We have the following problem: we perform a nonlinear regression after applying a non-linear transformation to our data set. Then, we perform an extrapolation using the fitted parameters in the transformed domain. Afterwards, we perform the inverse transformation on this extrapolated data to get an extrapolation in the 'real' domain. The nonlinear transformation makes use of, amongst other operations, a logarithm of the data. Upon rereading the question, we realized this explanation is complicated. However, we think that the example at the bottom can provide the necessary clarity.
The non linear fit works as expected, but when we try to generate confidence bands on our extrapolation using resampling of the residuals, we run into problems. Adding the resampled residuals to the (backtransformed) fitted model can lead to negative data in the 'resampled' data set. Of course, we cannot take a logarithm of the negative data, hence we cannot transform this resampled data set. In addition to being untransformable, negative data is also non-physical for our problem. We have thought about three possible solutions:
We discard resampled data sets that contain negative values. Cons of this approach: we introduce a bias towards certain data sets and thus resampling is not random anymore.

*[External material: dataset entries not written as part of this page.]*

(* Let $V\ge3$, $I_1<I_2<I_3$, and suppose $x_2=I_2-I_1$ and $x_3=I_3-I_1$ are incommensurable ($x_2/x_3\notin\mathbb{Q}$). Let $\rho$ be a continuous, strictly positive probability density on $\mathbb{R}_+$ such that the system $(\rho_1,\rho_2,\rho_3)=(\rho,\rho,\rho)$ is admissible. Then there is $\beta>0$ with $\rho(T)=\beta e^{-\beta T}$ for all $T\ge0$.
   Context: For $I_v<I_w$, a pair of densities $(\rho_v,\rho_w)$ on $\mathbb{R}_+$ with corresponding random variables $\xi_v,\xi_w$ is admissible if the conditional density of $\xi_v-(I_w-I_v)$ given $\{\xi_v>I_w-I_v\}$ equals $\rho_w$. A system $(\rho_1,\dots,\rho_V)$ is admissible if each consecutive pair $(\rho_v,\rho_{v+1})$ is admissible. *)

theory Defs
  imports "HOL-Analysis.Analysis"
begin

definition prob_density_Rplus :: "(real \<Rightarrow> real) \<Rightarrow> bool" where
  "prob_density_Rplus \<rho> \<longleftrightarrow> (\<forall>t\<ge>0. 0 \<le> \<rho> t) \<and> (\<rho> has_integral 1) {0..}"

definition tail_prob :: "(real \<Rightarrow> real) \<Rightarrow> real \<Rightarrow> real" where
  "tail_prob \<rho> a = integral {a<..} \<rho>"

text \<open>Admissible pair: for I_v < I_w, the conditional density of xi_v - (I_w - I_v) given
  xi_v > I_w - I_v, namely t \<mapsto> rho_v (t + (I_w - I_v)) / P(xi_v > I_w - I_v) on t \<ge> 0,
  equals rho_w (as densities, i.e. almost everywhere on [0,oo)).\<close>
definition admissible_pair ::
  "real \<Rightarrow> real \<Rightarrow> (real \<Rightarrow> real) \<Rightarrow> (real \<Rightarrow> real) \<Rightarrow> bool" where
  "admissible_pair Iv Iw \<rho>v \<rho>w \<longleftrightarrow>
     Iv < Iw \<and> prob_density_Rplus \<rho>v \<and> prob_density_Rplus \<rho>w \<and>
     0 < tail_prob \<rho>v (Iw - Iv) \<and>
     (AE t in lborel. 0 \<le> t \<longrightarrow>
        \<rho>w t = \<rho>v (t + (Iw - Iv)) / tail_prob \<rho>v (Iw - Iv))"

definition admissible_system ::
  "nat \<Rightarrow> (nat \<Rightarrow> real) \<Rightarrow> (nat \<Rightarrow> real \<Rightarrow> real) \<Rightarrow> bool" where
  "admissible_system V I \<rho>s \<longleftrightarrow>
     (\<forall>v. 1 \<le> v \<and> v < V \<longrightarrow> admissible_pair (I v) (I (Suc v)) (\<rho>s v) (\<rho>s (Suc v)))"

Instead of taking the absolute residuals, we could resample the relative residuals. For example, if we have a data value of 9 and a fitted value of 10, the residual would be equal to 10% of the fitted value. Hence, it would be impossible to get negative values after resampling. Cons: this would lead to a residual 'blow up': for example if we have a fitted data [0.01;100] and measured data [0.1;100], and the 1000% error of the first data point gets resampled to the second point, the second resampled data point blows up to 1000.
We could resample the residuals in the transformed domain. Cons of this approach: we are absolutely not sure whether this still produces the correct statistics. Since you are not allowed to transform a standard deviation through a non-linear transformation, our gut feeling says approach 3. is also not allowed.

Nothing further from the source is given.